[Saved entries]
▼

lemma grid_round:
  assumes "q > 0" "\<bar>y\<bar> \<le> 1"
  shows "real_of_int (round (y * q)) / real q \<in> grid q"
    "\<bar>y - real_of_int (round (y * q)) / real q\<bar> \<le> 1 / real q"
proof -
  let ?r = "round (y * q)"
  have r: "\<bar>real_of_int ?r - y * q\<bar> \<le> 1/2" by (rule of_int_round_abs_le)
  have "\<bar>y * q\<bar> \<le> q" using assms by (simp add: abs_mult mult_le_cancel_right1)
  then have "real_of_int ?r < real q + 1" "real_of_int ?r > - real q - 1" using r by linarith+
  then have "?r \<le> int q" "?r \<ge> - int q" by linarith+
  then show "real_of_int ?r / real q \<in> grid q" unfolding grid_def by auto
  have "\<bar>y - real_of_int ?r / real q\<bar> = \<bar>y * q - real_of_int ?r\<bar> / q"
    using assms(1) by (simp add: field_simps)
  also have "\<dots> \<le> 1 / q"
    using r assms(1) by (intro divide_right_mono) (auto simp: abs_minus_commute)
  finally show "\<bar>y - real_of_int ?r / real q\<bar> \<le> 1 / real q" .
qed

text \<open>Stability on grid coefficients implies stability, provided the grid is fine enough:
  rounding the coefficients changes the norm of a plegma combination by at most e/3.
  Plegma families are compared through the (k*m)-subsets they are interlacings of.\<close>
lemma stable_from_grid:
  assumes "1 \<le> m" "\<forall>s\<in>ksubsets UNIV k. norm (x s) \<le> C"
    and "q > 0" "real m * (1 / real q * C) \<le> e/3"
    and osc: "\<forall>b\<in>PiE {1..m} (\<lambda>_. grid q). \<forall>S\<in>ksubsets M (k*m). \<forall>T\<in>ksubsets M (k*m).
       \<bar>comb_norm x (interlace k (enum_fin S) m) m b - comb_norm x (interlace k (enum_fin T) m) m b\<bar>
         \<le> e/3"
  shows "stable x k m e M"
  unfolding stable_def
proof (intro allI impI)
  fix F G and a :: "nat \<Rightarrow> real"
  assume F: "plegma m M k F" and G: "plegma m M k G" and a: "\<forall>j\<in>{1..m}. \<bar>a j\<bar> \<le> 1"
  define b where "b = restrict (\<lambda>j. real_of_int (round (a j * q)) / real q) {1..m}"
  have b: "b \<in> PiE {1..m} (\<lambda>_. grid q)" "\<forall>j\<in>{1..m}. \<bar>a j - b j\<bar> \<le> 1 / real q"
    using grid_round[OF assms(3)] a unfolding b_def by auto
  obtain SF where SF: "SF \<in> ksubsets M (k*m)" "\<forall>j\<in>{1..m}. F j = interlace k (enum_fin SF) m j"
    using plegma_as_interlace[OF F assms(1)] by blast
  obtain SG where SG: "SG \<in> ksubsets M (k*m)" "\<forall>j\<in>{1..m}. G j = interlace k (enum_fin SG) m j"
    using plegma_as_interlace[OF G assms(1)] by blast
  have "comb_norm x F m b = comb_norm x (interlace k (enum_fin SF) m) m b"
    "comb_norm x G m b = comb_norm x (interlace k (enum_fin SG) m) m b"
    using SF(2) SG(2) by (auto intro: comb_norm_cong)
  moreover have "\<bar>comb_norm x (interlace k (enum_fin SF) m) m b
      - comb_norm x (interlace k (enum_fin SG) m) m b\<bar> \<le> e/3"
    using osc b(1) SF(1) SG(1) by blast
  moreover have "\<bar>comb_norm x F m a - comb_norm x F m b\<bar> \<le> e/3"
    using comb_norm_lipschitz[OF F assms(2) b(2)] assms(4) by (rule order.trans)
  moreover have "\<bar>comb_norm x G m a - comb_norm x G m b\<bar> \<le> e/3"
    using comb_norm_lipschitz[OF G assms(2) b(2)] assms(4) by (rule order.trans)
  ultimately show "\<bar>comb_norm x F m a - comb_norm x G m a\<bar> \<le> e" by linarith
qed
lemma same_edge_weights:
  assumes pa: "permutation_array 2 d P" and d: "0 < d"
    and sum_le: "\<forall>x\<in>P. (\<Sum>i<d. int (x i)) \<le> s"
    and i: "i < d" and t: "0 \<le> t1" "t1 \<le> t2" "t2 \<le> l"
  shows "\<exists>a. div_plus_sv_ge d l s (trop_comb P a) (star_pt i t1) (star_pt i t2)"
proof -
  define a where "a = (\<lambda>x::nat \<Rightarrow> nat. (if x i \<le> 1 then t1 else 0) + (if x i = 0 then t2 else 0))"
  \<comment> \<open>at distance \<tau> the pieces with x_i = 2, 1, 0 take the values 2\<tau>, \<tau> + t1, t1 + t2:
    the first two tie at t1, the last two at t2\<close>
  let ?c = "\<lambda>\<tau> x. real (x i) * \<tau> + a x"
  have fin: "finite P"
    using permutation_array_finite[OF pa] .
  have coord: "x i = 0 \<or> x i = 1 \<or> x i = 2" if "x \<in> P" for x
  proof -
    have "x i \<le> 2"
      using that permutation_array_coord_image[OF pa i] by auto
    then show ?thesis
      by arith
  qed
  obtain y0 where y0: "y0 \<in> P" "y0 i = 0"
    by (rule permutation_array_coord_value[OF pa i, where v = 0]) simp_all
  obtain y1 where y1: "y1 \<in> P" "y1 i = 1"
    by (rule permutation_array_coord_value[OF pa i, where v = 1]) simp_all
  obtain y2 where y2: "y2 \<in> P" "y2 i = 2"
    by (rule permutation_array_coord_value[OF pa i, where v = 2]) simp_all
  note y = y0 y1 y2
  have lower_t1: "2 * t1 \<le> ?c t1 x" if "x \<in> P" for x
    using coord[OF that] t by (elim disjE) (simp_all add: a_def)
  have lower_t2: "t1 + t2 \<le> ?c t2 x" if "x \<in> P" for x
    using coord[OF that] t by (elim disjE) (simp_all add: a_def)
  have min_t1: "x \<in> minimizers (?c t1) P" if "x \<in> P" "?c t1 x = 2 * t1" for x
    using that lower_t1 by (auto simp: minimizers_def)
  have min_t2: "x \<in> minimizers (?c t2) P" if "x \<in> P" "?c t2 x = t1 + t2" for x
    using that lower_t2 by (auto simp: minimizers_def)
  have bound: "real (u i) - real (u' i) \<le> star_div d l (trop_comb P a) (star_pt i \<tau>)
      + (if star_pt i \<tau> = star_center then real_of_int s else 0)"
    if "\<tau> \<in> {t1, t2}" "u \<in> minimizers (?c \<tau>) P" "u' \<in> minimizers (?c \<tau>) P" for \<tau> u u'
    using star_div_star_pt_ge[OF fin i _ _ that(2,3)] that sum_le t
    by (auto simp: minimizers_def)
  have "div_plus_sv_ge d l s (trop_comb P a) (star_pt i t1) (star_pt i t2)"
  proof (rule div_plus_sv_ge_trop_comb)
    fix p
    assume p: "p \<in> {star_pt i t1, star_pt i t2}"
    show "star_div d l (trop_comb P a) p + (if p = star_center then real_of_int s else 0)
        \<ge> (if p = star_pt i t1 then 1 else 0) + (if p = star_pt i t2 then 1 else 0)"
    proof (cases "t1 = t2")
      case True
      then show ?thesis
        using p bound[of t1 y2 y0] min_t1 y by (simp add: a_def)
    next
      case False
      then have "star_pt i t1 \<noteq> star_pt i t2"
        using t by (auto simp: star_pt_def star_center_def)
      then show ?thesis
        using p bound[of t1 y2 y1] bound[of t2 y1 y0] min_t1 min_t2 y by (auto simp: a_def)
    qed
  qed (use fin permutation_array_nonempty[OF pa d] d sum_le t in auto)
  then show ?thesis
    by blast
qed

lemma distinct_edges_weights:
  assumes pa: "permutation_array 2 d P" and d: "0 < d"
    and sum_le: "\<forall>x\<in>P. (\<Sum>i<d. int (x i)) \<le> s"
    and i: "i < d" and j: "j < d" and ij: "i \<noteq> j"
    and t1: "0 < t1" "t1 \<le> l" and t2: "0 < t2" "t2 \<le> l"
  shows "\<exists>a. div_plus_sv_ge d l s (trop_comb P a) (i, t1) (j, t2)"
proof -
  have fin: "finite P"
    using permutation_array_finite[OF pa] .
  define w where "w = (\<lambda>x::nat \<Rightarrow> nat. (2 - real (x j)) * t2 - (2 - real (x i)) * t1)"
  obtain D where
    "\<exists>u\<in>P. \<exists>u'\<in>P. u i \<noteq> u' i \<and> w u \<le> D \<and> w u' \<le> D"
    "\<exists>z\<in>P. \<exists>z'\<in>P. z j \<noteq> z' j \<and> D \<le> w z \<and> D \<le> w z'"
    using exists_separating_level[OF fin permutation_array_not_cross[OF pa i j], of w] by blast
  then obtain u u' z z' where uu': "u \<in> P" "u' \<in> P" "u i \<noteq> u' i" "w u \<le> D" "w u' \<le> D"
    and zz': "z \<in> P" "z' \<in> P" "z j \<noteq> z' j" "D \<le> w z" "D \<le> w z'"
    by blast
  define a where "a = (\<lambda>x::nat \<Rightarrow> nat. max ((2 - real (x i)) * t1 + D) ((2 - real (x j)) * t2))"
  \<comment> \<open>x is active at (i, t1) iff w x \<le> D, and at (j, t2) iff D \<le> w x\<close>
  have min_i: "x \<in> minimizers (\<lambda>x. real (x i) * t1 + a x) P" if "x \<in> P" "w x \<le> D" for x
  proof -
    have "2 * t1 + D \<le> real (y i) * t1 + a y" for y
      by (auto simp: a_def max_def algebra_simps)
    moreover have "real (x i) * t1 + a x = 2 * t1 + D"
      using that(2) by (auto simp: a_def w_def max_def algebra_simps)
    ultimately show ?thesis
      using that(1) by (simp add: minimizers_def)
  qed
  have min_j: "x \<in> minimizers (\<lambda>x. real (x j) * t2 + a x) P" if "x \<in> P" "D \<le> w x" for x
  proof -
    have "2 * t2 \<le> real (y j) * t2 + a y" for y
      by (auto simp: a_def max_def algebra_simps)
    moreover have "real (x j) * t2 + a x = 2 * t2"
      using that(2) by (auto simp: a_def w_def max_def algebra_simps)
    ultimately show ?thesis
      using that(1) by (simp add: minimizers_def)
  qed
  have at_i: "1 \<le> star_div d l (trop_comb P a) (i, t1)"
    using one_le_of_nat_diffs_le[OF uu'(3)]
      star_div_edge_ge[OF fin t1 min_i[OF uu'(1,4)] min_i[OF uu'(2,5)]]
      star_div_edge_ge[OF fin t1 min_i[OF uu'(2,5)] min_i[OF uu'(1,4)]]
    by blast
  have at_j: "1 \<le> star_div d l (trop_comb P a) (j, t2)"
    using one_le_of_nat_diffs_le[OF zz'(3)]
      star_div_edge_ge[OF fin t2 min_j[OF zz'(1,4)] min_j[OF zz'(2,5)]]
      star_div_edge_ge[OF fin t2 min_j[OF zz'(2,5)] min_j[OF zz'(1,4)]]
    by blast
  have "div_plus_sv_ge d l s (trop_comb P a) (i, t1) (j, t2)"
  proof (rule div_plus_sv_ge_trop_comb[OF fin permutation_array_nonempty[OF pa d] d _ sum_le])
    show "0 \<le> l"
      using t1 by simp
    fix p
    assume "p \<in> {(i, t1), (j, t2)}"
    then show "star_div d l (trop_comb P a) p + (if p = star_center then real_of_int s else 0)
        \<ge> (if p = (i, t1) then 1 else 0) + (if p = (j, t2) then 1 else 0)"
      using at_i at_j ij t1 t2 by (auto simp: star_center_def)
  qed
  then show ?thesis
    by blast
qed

▲

:: What you are asked to do ::
Copy the lines that hold the word "obtain". Take them from the records above.

:: Finished exercise ::
  obtain SF where SF: "SF \<in> ksubsets M (k*m)" "\<forall>j\<in>{1..m}. F j = interlace k (enum_fin SF) m j"
  obtain SG where SG: "SG \<in> ksubsets M (k*m)" "\<forall>j\<in>{1..m}. G j = interlace k (enum_fin SG) m j"
  obtain y0 where y0: "y0 \<in> P" "y0 i = 0"
  obtain y1 where y1: "y1 \<in> P" "y1 i = 1"
  obtain y2 where y2: "y2 \<in> P" "y2 i = 2"
  obtain D where
  then obtain u u' z z' where uu': "u \<in> P" "u' \<in> P" "u i \<noteq> u' i" "w u \<le> D" "w u' \<le> D"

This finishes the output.